■ What the task asks:
Using the listing below, print exactly everything from the line with "define u where" down to the line with "by (simp add: sum.distrib sum_subtractf sum_negf algebra_simps)", both included, and nothing more.

■ Data for this task:
text \<open>The double sums over the frame coming from sum_g_br_dual_nabla_frame and
  sum_g_br_dual_br_frame cancel.\<close>
lemma ricci_VV: "ricci br g v w = - g (br v \<xi>) w - \<theta> v * g \<xi> w / 2 + \<theta> (br w v) / 2"
proof -
  define u where "u = nabla v w"
  have "ricci br g v w = - (\<Sum>b\<in>B. g u (nabla b (f b)) + g u (nabla (f b) b))
      + (\<Sum>b\<in>B. g (nabla b w) (nabla v (f b))) + (\<Sum>b\<in>B. g (nabla (f b) w) (nabla v b))
      - (\<Sum>b\<in>B. g (nabla (br b v) w) (f b)) - (\<Sum>b\<in>B. g (nabla (br (f b) v) w) b)"
    unfolding ricci_dual_frame g_curvature u_def
    by (simp add: sum.distrib sum_subtractf sum_negf algebra_simps)
  also have "\<dots> = - g (br v \<xi>) w - \<theta> v * g \<xi> w / 2 + \<theta> (br w v) / 2"
    unfolding sum_g_nabla_frame_pairs sum_g_nabla_frame_nabla_dual sum_g_nabla_frame_dual[OF w]
      sum_g_br_dual_nabla_frame sum_g_nabla_dual_nabla_frame sum_g_nabla_br_frame_dual
      sum_g_nabla_br_dual_frame sum_g_br_dual_br_frame theta_nabla_VV
    using g_sym[of w "br \<zeta> v"] by (simp add: algebra_simps)
  finally show ?thesis .
qed

end

lemma g_xi_V:
  assumes x: "x \<in> V"
  shows "g \<xi> x = (m - 1) * \<theta> x"
proof -
  have "(\<Sum>b\<in>B. - g (br x b) (f b) - g (br x (f b)) b + g (br b (f b)) x)
      = (\<Sum>b\<in>B. \<theta> x * g b (f b) - \<theta> b * g x (f b))"
    using dF_VVH[OF x frame_V f_H] by simp
  then have "- (\<Sum>b\<in>B. g (br x b) (f b)) - (\<Sum>b\<in>B. g (br x (f b)) b) + g \<xi> x
      = \<theta> x * (\<Sum>b\<in>B. g b (f b)) - (\<Sum>b\<in>B. g x (f b) * \<theta> b)"
    unfolding \<xi>_def
    by (simp add: sum.distrib sum_subtractf sum_negf sum_distrib_left g_sum_left mult.commute)
  then show ?thesis
    using trace_ad_V[OF x] trace_ad_V_dual[OF x] sum_g_frame_dual linear_expand_V[OF linear_theta x]
    by (simp add: algebra_simps)
qed

lemma projH_xi: "projH \<xi> = (m - 1) *\<^sub>R \<zeta>"
  unfolding projH_def \<zeta>_def using g_xi_V[OF frame_V] by (simp add: scaleR_sum_right)

lemma g_br_xi:
  assumes v: "v \<in> V" and w: "w \<in> V"
  shows "g (br v \<xi>) w = (m - 1) * g (br v \<zeta>) w"
proof -
  have "g (br v \<xi>) w = g (br v (projV \<xi>)) w + g (br v (projH \<xi>)) w"
    using arg_cong[OF expand[of \<xi>], of "\<lambda>x. g (br v x) w"]
    by (simp add: projV_def projH_def br_simps g_simps)
  also have "g (br v (projV \<xi>)) w = 0" using isotropic_V[OF subalgebra_V[OF v projV_V] w] .
  finally show ?thesis unfolding projH_xi by (simp add: br_simps g_simps)
qed

lemma theta_br_VV:
  assumes v: "v \<in> V" and w: "w \<in> V"
  shows "g (br w \<zeta>) v - g (br v \<zeta>) w = \<theta> (br v w)"
  using dF_VVH[OF v w zeta_H] g_V_zeta[OF v] g_V_zeta[OF w] g_V_zeta[OF subalgebra_V[OF v w]]
  by simp

lemma V_abelian_if_dim_2:
  assumes dim: "card B = 2" and v: "v \<in> V" and w: "w \<in> V"
  shows "br v w = 0"
proof -
  have frame: "br b d = 0" if b: "b \<in> B" and d: "d \<in> B" for b d
  proof (cases "b = d")
    case True then show ?thesis using br_self by simp
  next
    case False
    then have "{b, d} \<subseteq> B" "card {b, d} = 2" using b d by auto
    then have "B = {b, d}" using dim finite_B by (metis card_subset_eq)
    then have "br b d = g (br b d) (f b) *\<^sub>R b + g (br b d) (f d) *\<^sub>R d"
      using expand_V[OF subalgebra_V[OF frame_V[OF b] frame_V[OF d]]] False by simp
    then show ?thesis by (rule br_in_span_imp_zero)
  qed
  have "br v w = br (\<Sum>b\<in>B. g v (f b) *\<^sub>R b) (\<Sum>d\<in>B. g w (f d) *\<^sub>R d)"
    using expand_V[OF v] expand_V[OF w] by simp
  then show ?thesis by (simp add: br_sum_left br_sum_right br_simps frame)
qed

context
  assumes einstein: "einstein br g"
begin

lemma ricci_VV_vanishes:
  assumes v: "v \<in> V" and w: "w \<in> V"
  shows "(m - 1) * g (br v \<zeta>) w + (m - 1) * \<theta> v * \<theta> w / 2 - \<theta> (br w v) / 2 = 0"
proof -
  have "ricci br g v w = 0" using einstein isotropic_V[OF v w] unfolding einstein_def by auto
  then show ?thesis
    unfolding ricci_VV[OF v w] g_br_xi[OF v w] g_xi_V[OF w] by (simp add: algebra_simps)
qed

lemma dim_minus_2_theta_br:
  assumes v: "v \<in> V" and w: "w \<in> V"
  shows "(m - 2) * \<theta> (br v w) = 0"
proof -
  have "\<theta> (br w v) = - \<theta> (br v w)" using br_antisym[of w v] by (simp add: theta_simps)
  then have "m * \<theta> (br v w) - 2 * \<theta> (br v w) = 0"
    using ricci_VV_vanishes[OF v w] ricci_VV_vanishes[OF w v] theta_br_VV[OF v w]
    by (simp only: algebra_simps)
  then show ?thesis by (simp add: algebra_simps)
qed

text \<open>With \<theta> vanishing on [V, V], the Einstein condition says that \<zeta> is an eigenvector
  of ad v modulo V with eigenvalue - \<theta> v / 2, which must vanish as ad v is nilpotent.\<close>
lemma theta_V_zero:
  assumes dim: "card B \<ge> 2" and v: "v \<in> V"
  shows "\<theta> v = 0"
proof -
  have theta_br: "\<theta> (br v' w) = 0" if v': "v' \<in> V" and w: "w \<in> V" for v' w
  proof (cases "card B = 2")
    case True then show ?thesis using V_abelian_if_dim_2[OF True v' w] theta_simps by simp
  next
    case False
    then have "m - 2 \<noteq> 0" using dim by simp
    then show ?thesis using dim_minus_2_theta_br[OF v' w] by simp
  qed
  have "g (br v \<zeta> - (- (\<theta> v / 2)) *\<^sub>R \<zeta>) w = 0" if w: "w \<in> V" for w
  proof -
    have "(m - 1) * (g (br v \<zeta>) w + \<theta> v * \<theta> w / 2) = 0"
      using ricci_VV_vanishes[OF v w] theta_br[OF w v] by (simp add: algebra_simps)
    moreover have "m - 1 \<noteq> 0" using dim by simp
    ultimately show ?thesis using g_zeta_V[OF w] by (simp add: g_simps)
  qed
  then have "br v \<zeta> - (- (\<theta> v / 2)) *\<^sub>R \<zeta> \<in> V" by (rule mem_V_if_orthogonal_V)
  then have "- (\<theta> v / 2) = 0 \<or> \<zeta> = 0" by (rule ad_eigenvalue_mod_V[OF zeta_H v])
  then show ?thesis using g_zeta_V[OF v] by (auto simp: g_simps)
qed

end

context
  assumes theta_zero: "\<And>x. \<theta> x = 0"
begin

lemma xi_zero: "\<xi> = 0"
proof -
  have g_V: "g \<xi> x = 0" if "x \<in> V" for x using g_xi_V[OF that] theta_zero by simp
  have g_H: "g \<xi> y = 0" if y: "y \<in> H" for y
  proof -
    have "(\<Sum>b\<in>B. - g (br y (f b)) b - g (br y b) (f b) + g (br (f b) b) y) = 0"
      using dF_HHV[OF y f_H frame_V] theta_zero by simp
    moreover have "(\<Sum>b\<in>B. g (br (f b) b) y) = - g \<xi> y"
      unfolding \<xi>_def using br_antisym[of "f _" "_"] by (simp add: g_sum_left g_simps sum_negf)
    ultimately show ?thesis
      using trace_ad_H[OF y] trace_ad_H_dual[OF y] by (simp add: sum.distrib sum_subtractf sum_negf)
  qed
  have "g \<xi> z = 0" for z
  proof -
    obtain v h where "v \<in> V" "h \<in> H" "z = v + h" by (rule decompose)
    then show ?thesis using g_V g_H by (simp add: g_simps)
  qed
  then show ?thesis by (rule g_nondegenerate)
qed

text \<open>The trace of the commutator of nabla X and nabla Y on the invariant subspace V vanishes.\<close>
lemma sum_g_nabla_nabla_frame_comm:
  "(\<Sum>b\<in>B. g (nabla X (nabla Y b)) (f b)) = (\<Sum>b\<in>B. g (nabla Y (nabla X b)) (f b))"
proof -
  have expand_XY: "g (nabla X (nabla Y b)) (f b) = (\<Sum>c\<in>B. g (nabla Y b) (f c) * g (nabla X c) (f b))"
    if b: "b \<in> B" for X Y b
  proof -
    have "g (nabla X (nabla Y b)) (f b) = - g (nabla Y b) (nabla X (f b))"
      using nabla_metric[of X "nabla Y b" "f b"] by simp
    also have "\<dots> = - (\<Sum>c\<in>B. g (nabla Y b) (f c) * g c (nabla X (f b)))"
      using g_expand_V_left[OF nabla_preserves_V[OF theta_zero frame_V[OF b], of Y], of "nabla X (f b)"]
      by simp
    also have "\<dots> = (\<Sum>c\<in>B. g (nabla Y b) (f c) * g (nabla X c) (f b))"
    proof -
      have "g c (nabla X (f b)) = - g (nabla X c) (f b)" for c using nabla_metric[of X c "f b"] by simp
      then show ?thesis by (simp add: sum_negf[symmetric])
    qed
    finally show ?thesis .
  qed
  have "(\<Sum>b\<in>B. g (nabla X (nabla Y b)) (f b))
      = (\<Sum>b\<in>B. \<Sum>c\<in>B. g (nabla Y b) (f c) * g (nabla X c) (f b))"
    by (rule sum.cong) (simp_all add: expand_XY)
  also have "\<dots> = (\<Sum>c\<in>B. \<Sum>b\<in>B. g (nabla Y b) (f c) * g (nabla X c) (f b))" by (rule sum.swap)
  also have "\<dots> = (\<Sum>b\<in>B. g (nabla Y (nabla X b)) (f b))"
    by (rule sum.cong) (simp_all add: expand_XY mult.commute)
  finally show ?thesis .
qed

lemma ricci_VH:
  assumes v: "v \<in> V" and h: "h \<in> H"
  shows "ricci br g v h = - (\<Sum>b\<in>B. g (nabla (br v h) b) (f b))"
proof -
  have "g (Rm b v h) (f b) = 0" if b: "b \<in> B" for b
    using isotropic_H[OF curvature_preserves_H[OF theta_zero h] f_H[OF b]] .
  moreover have "g (Rm (f b) v h) b = g (Rm v h b) (f b)" if b: "b \<in> B" for b
  proof -
    have "Rm (f b) v h = - Rm v h (f b) - Rm h (f b) v"
      using first_bianchi[of "f b" v h] by (simp add: algebra_simps eq_neg_iff_add_eq_0)
    then have "g (Rm (f b) v h) b = - g (Rm v h (f b)) b - g (Rm h (f b) v) b" by (simp add: g_simps)
    also have "g (Rm h (f b) v) b = 0"
      using isotropic_V[OF curvature_preserves_V[OF theta_zero v] frame_V[OF b]] .
    also have "- g (Rm v h (f b)) b = g (f b) (Rm v h b)" using curvature_skew[of v h "f b" b] by simp
    finally show ?thesis using g_sym[of "f b" "Rm v h b"] by simp
  qed
  ultimately have "ricci br g v h = (\<Sum>b\<in>B. g (Rm v h b) (f b))" unfolding ricci_dual_frame by simp
  also have "\<dots> = (\<Sum>b\<in>B. g (nabla v (nabla h b)) (f b)) - (\<Sum>b\<in>B. g (nabla h (nabla v b)) (f b))
      - (\<Sum>b\<in>B. g (nabla (br v h) b) (f b))"
    unfolding curvature_def by (simp add: g_simps sum_subtractf)
  finally show ?thesis using sum_g_nabla_nabla_frame_comm by simp
qed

■ Reply:
  define u where "u = nabla v w"
  have "ricci br g v w = - (\<Sum>b\<in>B. g u (nabla b (f b)) + g u (nabla (f b) b))
      + (\<Sum>b\<in>B. g (nabla b w) (nabla v (f b))) + (\<Sum>b\<in>B. g (nabla (f b) w) (nabla v b))
      - (\<Sum>b\<in>B. g (nabla (br b v) w) (f b)) - (\<Sum>b\<in>B. g (nabla (br (f b) v) w) b)"
    unfolding ricci_dual_frame g_curvature u_def
    by (simp add: sum.distrib sum_subtractf sum_negf algebra_simps)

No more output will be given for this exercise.